Medicines in the first stage of the initiatory therapy, suggested Ndika, are usually intended to calm and purify the sufferer, to cleanse the thoughts, and to "drive away the darkness." This medicine, which may contain analgesics and hallucinogens, is usually "white," whether it is a plant-derived liquid (ubulau ) or white chalk (ikota ), because the ancestors are of a "white" disposition. Incense used in the early rites of initiation is intended to gain favor with the ancestors. She stressed the importance of the goat sacrifice in her work, in terms of the disposition of the sufferer and the relationship with others and the ancestors. Her theory of the songs emphasized the formation of a strong self through self-presentation in the ngoma sessions.

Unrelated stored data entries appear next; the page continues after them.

(* Let $\mathcal{E}$ be a left $\tilde{\mathcal{A}}_{conv.}$-module such that (1) $B(\mathcal{E})\subset\tilde A(\mathcal{E})$ and (2) there exists $N\in\mathbb{N}$ with $a^N\tilde A(\mathcal{E})=0$. Then $B(\mathcal{E})=\tilde A(\mathcal{E})\subset\ker b^{2N}$.
   Context: $\tilde{\mathcal{A}}_{conv.}$ is the algebra of formal series $\sum\gamma_{p,q}a^pb^q$ in variables $a,b$ with $ab-ba=b^2$ such that $|\gamma_{p,q}|\le C_RR^{p+q}q!$ for some $R>1$, $C_R>0$; $B=\mathbb{C}\{\{b\}\}$ is its subalgebra of series $\sum c_qb^q$ with $|c_q|\le CR^qq!$. For a left $\tilde{\mathcal{A}}_{conv.}$-module $\mathcal{E}$: $B(\mathcal{E}):=\{x\in\mathcal{E}:\exists N,\ b^Nx=0\}$ is its $b$-torsion, $A(\mathcal{E})$ its $a$-torsion $\{x:\exists N,\ a^Nx=0\}$, and $\tilde A(\mathcal{E}):=\{x\in\mathcal{E}: Bx\subset A(\mathcal{E})\}$. *)

theory Defs
  imports Complex_Main
begin

text \<open>An element \<open>\<Sum> \<gamma>(p,q) a^p b^q\<close> (normally ordered: powers of a to the left)
  of the algebra of formal series in a, b with ab - ba = b^2 is represented by its
  coefficient function \<open>\<gamma> :: nat \<Rightarrow> nat \<Rightarrow> complex\<close>.\<close>

type_synonym ser = "nat \<Rightarrow> nat \<Rightarrow> complex"

text \<open>Structure constants: \<open>b^q a^r = \<Sum>_{i,j} bacoef q r i j a^i b^j\<close>.
  Derived from \<open>b^j a = (a - j b) b^j\<close>, i.e.
  \<open>a^i b^j a = a^(i+1) b^j - j a^i b^(j+1)\<close>.\<close>
primrec bacoef :: "nat \<Rightarrow> nat \<Rightarrow> nat \<Rightarrow> nat \<Rightarrow> int" where
  "bacoef q 0 i j = (if i = 0 \<and> j = q then 1 else 0)"
| "bacoef q (Suc r) i j =
     (if i = 0 then 0 else bacoef q r (i - 1) j)
   - (if j = 0 then 0 else int (j - 1) * bacoef q r i (j - 1))"

text \<open>Product: \<open>a^p b^q \<cdot> a^r b^s = a^p (b^q a^r) b^s\<close>; each coefficient is a finite sum.\<close>
definition A_mult :: "ser \<Rightarrow> ser \<Rightarrow> ser" where
  "A_mult f g = (\<lambda>i j. \<Sum>p\<le>i. \<Sum>s\<le>j. \<Sum>q\<le>(i - p) + (j - s).
      f p q * g ((i - p) + (j - s) - q) s * of_int (bacoef q ((i - p) + (j - s) - q) (i - p) (j - s)))"

definition A_add :: "ser \<Rightarrow> ser \<Rightarrow> ser" where
  "A_add f g = (\<lambda>p q. f p q + g p q)"

definition A_one :: ser where
  "A_one = (\<lambda>p q. if p = 0 \<and> q = 0 then 1 else 0)"

definition A_a :: ser where
  "A_a = (\<lambda>p q. if p = 1 \<and> q = 0 then 1 else 0)"

definition A_b :: ser where
  "A_b = (\<lambda>p q. if p = 0 \<and> q = 1 then 1 else 0)"

definition Aconv :: "ser set" where
  "Aconv = {\<gamma>. \<exists>R C. R > 1 \<and> C > 0 \<and>
      (\<forall>p q. norm (\<gamma> p q) \<le> C * R ^ (p + q) * fact q)}"

definition Bconv :: "ser set" where
  "Bconv = {\<gamma>. (\<forall>p q. p \<noteq> 0 \<longrightarrow> \<gamma> p q = 0) \<and>
      (\<exists>R C. R > 1 \<and> C > 0 \<and> (\<forall>q. norm (\<gamma> 0 q) \<le> C * R ^ q * fact q))}"

definition Aconv_module :: "(ser \<Rightarrow> 'm::ab_group_add \<Rightarrow> 'm) \<Rightarrow> bool" where
  "Aconv_module act \<longleftrightarrow>
     (\<forall>f\<in>Aconv. \<forall>x y. act f (x + y) = act f x + act f y) \<and>
     (\<forall>f\<in>Aconv. \<forall>g\<in>Aconv. \<forall>x. act (A_add f g) x = act f x + act g x) \<and>
     (\<forall>f\<in>Aconv. \<forall>g\<in>Aconv. \<forall>x. act (A_mult f g) x = act f (act g x)) \<and>
     (\<forall>x. act A_one x = x)"

definition btors :: "(ser \<Rightarrow> 'm::ab_group_add \<Rightarrow> 'm) \<Rightarrow> 'm set" where
  "btors act = {x. \<exists>N. (act A_b ^^ N) x = 0}"

definition ators :: "(ser \<Rightarrow> 'm::ab_group_add \<Rightarrow> 'm) \<Rightarrow> 'm set" where
  "ators act = {x. \<exists>N. (act A_a ^^ N) x = 0}"

definition atilde :: "(ser \<Rightarrow> 'm::ab_group_add \<Rightarrow> 'm) \<Rightarrow> 'm set" where
  "atilde act = {x. \<forall>\<beta>\<in>Bconv. act \<beta> x \<in> ators act}"

end

theory Submission
  imports Defs
begin

text \<open>For \<open>\<beta> \<in> B\<close> one has \<open>\<beta> a = a \<beta> - b^2 \<beta>'\<close> with \<open>b^2 \<beta>' \<in> B\<close>, so \<open>\<tilde>A(E)\<close> is stable
  under \<open>a\<close> and \<open>b\<close>. From \<open>ab - ba = b^2\<close> one gets \<open>a b^r = b^r a + r b^(r+1)\<close>; hence for
  \<open>y \<in> \<tilde>A(E)\<close> and \<open>i < N\<close> the vector \<open>0 = b^(N-1-i) a^N b a^i y\<close> equals \<open>N! b^(2N-i) a^i y\<close>
  plus terms \<open>b^s a^t y\<close> with \<open>t > i\<close> and \<open>s + t \<ge> 2N\<close>. By descending induction on \<open>i\<close> all of
  these vanish, \<open>N!\<close> being invertible in \<open>\<complex> \<subseteq> \<tilde>A\<^sub>c\<^sub>o\<^sub>n\<^sub>v\<close>. For \<open>i = 0\<close> this says
  \<open>b^(2N) \<tilde>A(E) = 0\<close>, whence \<open>\<tilde>A(E) \<subseteq> B(E)\<close>.\<close>

primrec nat_mult :: "nat \<Rightarrow> 'a::monoid_add \<Rightarrow> 'a" where
  "nat_mult 0 x = 0"
| "nat_mult (Suc n) x = x + nat_mult n x"

lemma nat_mult_zero_right [simp]: "nat_mult n 0 = 0"
  by (induction n) simp_all

lemma nat_mult_add: "nat_mult (m + n) x = nat_mult m x + nat_mult n x"
  by (induction m) (simp_all add: add.assoc)

lemma nat_mult_nat_mult: "nat_mult m (nat_mult n x) = nat_mult (m * n) x"
  by (induction m) (simp_all add: nat_mult_add)

lemma (in additive) nat_mult: "f (nat_mult n x) = nat_mult n (f x)"
  by (induction n) (simp_all add: zero add)

lemma additive_funpow:
  fixes f :: "'a::ab_group_add \<Rightarrow> 'a"
  shows "additive f \<Longrightarrow> additive (f ^^ n)"
  unfolding additive_def by (induction n) auto

lemma additive_comp: "additive f \<Longrightarrow> additive g \<Longrightarrow> additive (f \<circ> g)"
  by (simp add: additive_def)

context
  fixes A B :: "'m::ab_group_add \<Rightarrow> 'm"
  assumes additive_A: "additive A" and additive_B: "additive B"
    and A_B_comm: "\<And>w. A (B w) = B (A w) + B (B w)"
begin

lemma A_B_power: "A ((B ^^ r) w) = (B ^^ r) (A w) + nat_mult r ((B ^^ Suc r) w)"
proof (induction r arbitrary: w)
  case 0
  show ?case by simp
next
  case (Suc r)
  interpret Br: additive "B ^^ r" by (rule additive_funpow[OF additive_B])
  have "A ((B ^^ Suc r) w) = A ((B ^^ r) (B w))"
    by (simp add: funpow_Suc_right del: funpow.simps)
  also have "\<dots> = (B ^^ r) (B (A w)) + (B ^^ r) (B (B w)) + nat_mult r ((B ^^ Suc r) (B w))"
    by (simp add: Suc.IH A_B_comm Br.add del: funpow.simps)
  also have "\<dots> = (B ^^ Suc r) (A w) + nat_mult (Suc r) ((B ^^ Suc (Suc r)) w)"
    by (simp add: funpow_Suc_right add.assoc del: funpow.simps)
  finally show ?case .
qed

text \<open>In the expansion of \<open>a^m b^r\<close> by the previous lemma, every term but \<open>(r)\<^sub>m b^(r+m)\<close>
  keeps a positive power of \<open>a\<close> on the right, and is killed by the hypothesis.\<close>
lemma B_power_A_power_B_power:
  assumes "\<And>s t. 0 < t \<Longrightarrow> K \<le> s + t \<Longrightarrow> (B ^^ s) ((A ^^ t) x) = 0"
    and "K \<le> e + r + m"
  shows "(B ^^ e) ((A ^^ m) ((B ^^ r) x)) = nat_mult (pochhammer r m) ((B ^^ (e + r + m)) x)"
  using assms
proof (induction m arbitrary: x K r)
  case 0
  then show ?case by (simp add: funpow_add)
next
  case (Suc m)
  interpret BeAm: additive "(B ^^ e) \<circ> (A ^^ m)"
    by (intro additive_comp additive_funpow additive_A additive_B)
  have "(B ^^ e) ((A ^^ Suc m) ((B ^^ r) x))
      = (B ^^ e) ((A ^^ m) ((B ^^ r) (A x))) + nat_mult r ((B ^^ e) ((A ^^ m) ((B ^^ Suc r) x)))"
    using BeAm.add BeAm.nat_mult by (simp add: funpow_Suc_right A_B_power del: funpow.simps)
  also have "(B ^^ e) ((A ^^ m) ((B ^^ r) (A x)))
      = nat_mult (pochhammer r m) ((B ^^ (e + r + m)) (A x))"
  proof (rule Suc.IH)
    show "(B ^^ s) ((A ^^ t) (A x)) = 0" if "0 < t" "K - 1 \<le> s + t" for s t
      using Suc.prems(1)[of "Suc t" s] that by (simp add: funpow_Suc_right del: funpow.simps)
  qed (use Suc.prems(2) in simp)
  also have "(B ^^ (e + r + m)) (A x) = 0"
    using Suc.prems(1)[of 1] Suc.prems(2) by simp
  also have "(B ^^ e) ((A ^^ m) ((B ^^ Suc r) x))
      = nat_mult (pochhammer (Suc r) m) ((B ^^ (e + Suc r + m)) x)"
    using Suc.prems by (intro Suc.IH) simp_all
  finally show ?case
    by (simp add: nat_mult_nat_mult pochhammer_rec)
qed

lemma B_power_vanishes:
  assumes A_M: "A ` M \<subseteq> M" and B_M: "B ` M \<subseteq> M"
    and A_N: "\<And>y. y \<in> M \<Longrightarrow> (A ^^ N) y = 0"
    and torsion_free: "\<And>n (x::'m). 0 < n \<Longrightarrow> nat_mult n x = 0 \<Longrightarrow> x = 0"
    and "y \<in> M"
  shows "(B ^^ (2 * N)) y = 0"
proof -
  interpret Bpow: additive "B ^^ n" for n by (rule additive_funpow[OF additive_B])
  have A_pow_M: "(A ^^ t) y \<in> M" if "y \<in> M" for t y
    using that A_M by (induction t) auto
  have "(B ^^ s) ((A ^^ i) y) = 0" if "y \<in> M" "2 * N \<le> s + i" for i s y
    using that
  proof (induction "N - i" arbitrary: i s y rule: less_induct)
    case less
    show ?case
    proof (cases "N \<le> i")
      case True
      then have "(A ^^ i) y = (A ^^ N) ((A ^^ (i - N)) y)"
        by (metis True funpow_add le_add_diff_inverse comp_apply)
      then show ?thesis
        using A_N A_pow_M less.prems Bpow.zero by simp
    next
      case False
      define x where "x = (A ^^ i) y"
      have "B x \<in> M"
        using A_pow_M B_M less.prems(1) unfolding x_def by blast
      then have "(B ^^ (N - 1 - i)) ((A ^^ N) ((B ^^ 1) x)) = 0"
        using A_N Bpow.zero by simp
      also have "(B ^^ (N - 1 - i)) ((A ^^ N) ((B ^^ 1) x))
          = nat_mult (pochhammer 1 N) ((B ^^ (N - 1 - i + 1 + N)) x)"
      proof (rule B_power_A_power_B_power)
        show "(B ^^ s') ((A ^^ t) x) = 0" if "0 < t" "2 * N - i \<le> s' + t" for s' t
          using less.hyps[of "t + i"] less.prems that False
          by (simp add: x_def funpow_add)
      qed (use False in simp)
      also have "N - 1 - i + 1 + N = 2 * N - i"
        using False by simp
      finally have "nat_mult (fact N) ((B ^^ (2 * N - i)) x) = 0"
        by (simp only: pochhammer_fact)
      then have "(B ^^ (2 * N - i)) x = 0"
        using torsion_free[of "fact N"] by simp
      moreover have "(B ^^ s) x = (B ^^ (s - (2 * N - i))) ((B ^^ (2 * N - i)) x)"
        using less.prems(2) by (metis funpow_add comp_apply le_add_diff_inverse2 le_diff_conv)
      ultimately show ?thesis
        using Bpow.zero by (simp add: x_def)
    qed
  qed
  from this[of y "2 * N" 0] show ?thesis using \<open>y \<in> M\<close> by simp
qed

end

lemma sum_eq_single:
  assumes "finite S" "k \<in> S" "\<And>x. x \<in> S \<Longrightarrow> x \<noteq> k \<Longrightarrow> f x = 0"
  shows "sum f S = f k"
  using sum.mono_neutral_right[of S "{k}" f] assms by auto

However, it was in Dar es Salaam, in conversations with the leaders of the coastal healer's association Shirika la Madawa, that a theory of ngoma in relation to spirits emerged. Song was stressed as central to the ritual. Omari Hassan, Muslim mganga and practitioner of ngoma Msaghiro for sufferers of chronic and severe headache caused by the coastal or beach spirits (sheitani) Maruhani, Subizani, Mzuka, and Kin-
yumakero and also of headaches caused by Warungu "inland" spirits of the hills, baobab trees, or mountains, offered this:
The aim of healing ngomas is to make the patient talk, to heighten emotions. If that fails, you go to the forest for roots, give them medicine. Either way, talking is important. The purpose of the drumming is to know the particular spirit, so it speaks out in the patient, so the healer knows how many, which, where they come from, what it wants. When the patient speaks, it's the spirit [speaking]. Spirit and person are one and the same. After medicine is taken, and ngoma is played, the patient must sing in increasing tempo, the song of the particular spirit. It's thus the patient who directs the healer on the type of treatment.
Isa Hassan, also a Muslim healer and officer of the organization, added that:
The spirits like the music, so they may make themselves manifest, so they may talk [through the sufferer]. A specific type of music is for a specific type of spirit; only this way will each spirit reveal ways of releasing the patient. Once the healer has established the type of spirit before him, in the person, he begins the corresponding type of music. The lyrics are the healer's [or sufferer's] own. It is impossible to give lyrics of a particular ngoma because there is so much improvisation and variation, so much depends on the individual case. How then does an ngoma help a person? The music enchants the sufferer so he can express himself better, and reveal the spirit.
"Accepting the sickness," "confessing dreams," "presenting one's self," "the spirits talking," "sufferer and spirit being the same thing," "patient directing the healer" are some of the expressions that get to the core of ngoma discourse. In terms of the communicative structure of this discourse, we have seen (in the previous chapter) how important is not only the two-way discourse between healer and sufferer but that a third pole, a third party, is also common. This may be the therapy manager of Kongo society, the diviner-assigned assistant who says "I agree," in Swaziland, or the small group in the ngoma session who listen and sing back to the sufferer the song just intoned. Spirit, here, may be considered another type of third party in the discourse, which may or may not be dramatically manifested. In other words, spirit is a manner of speaking, a hypothesis, a format.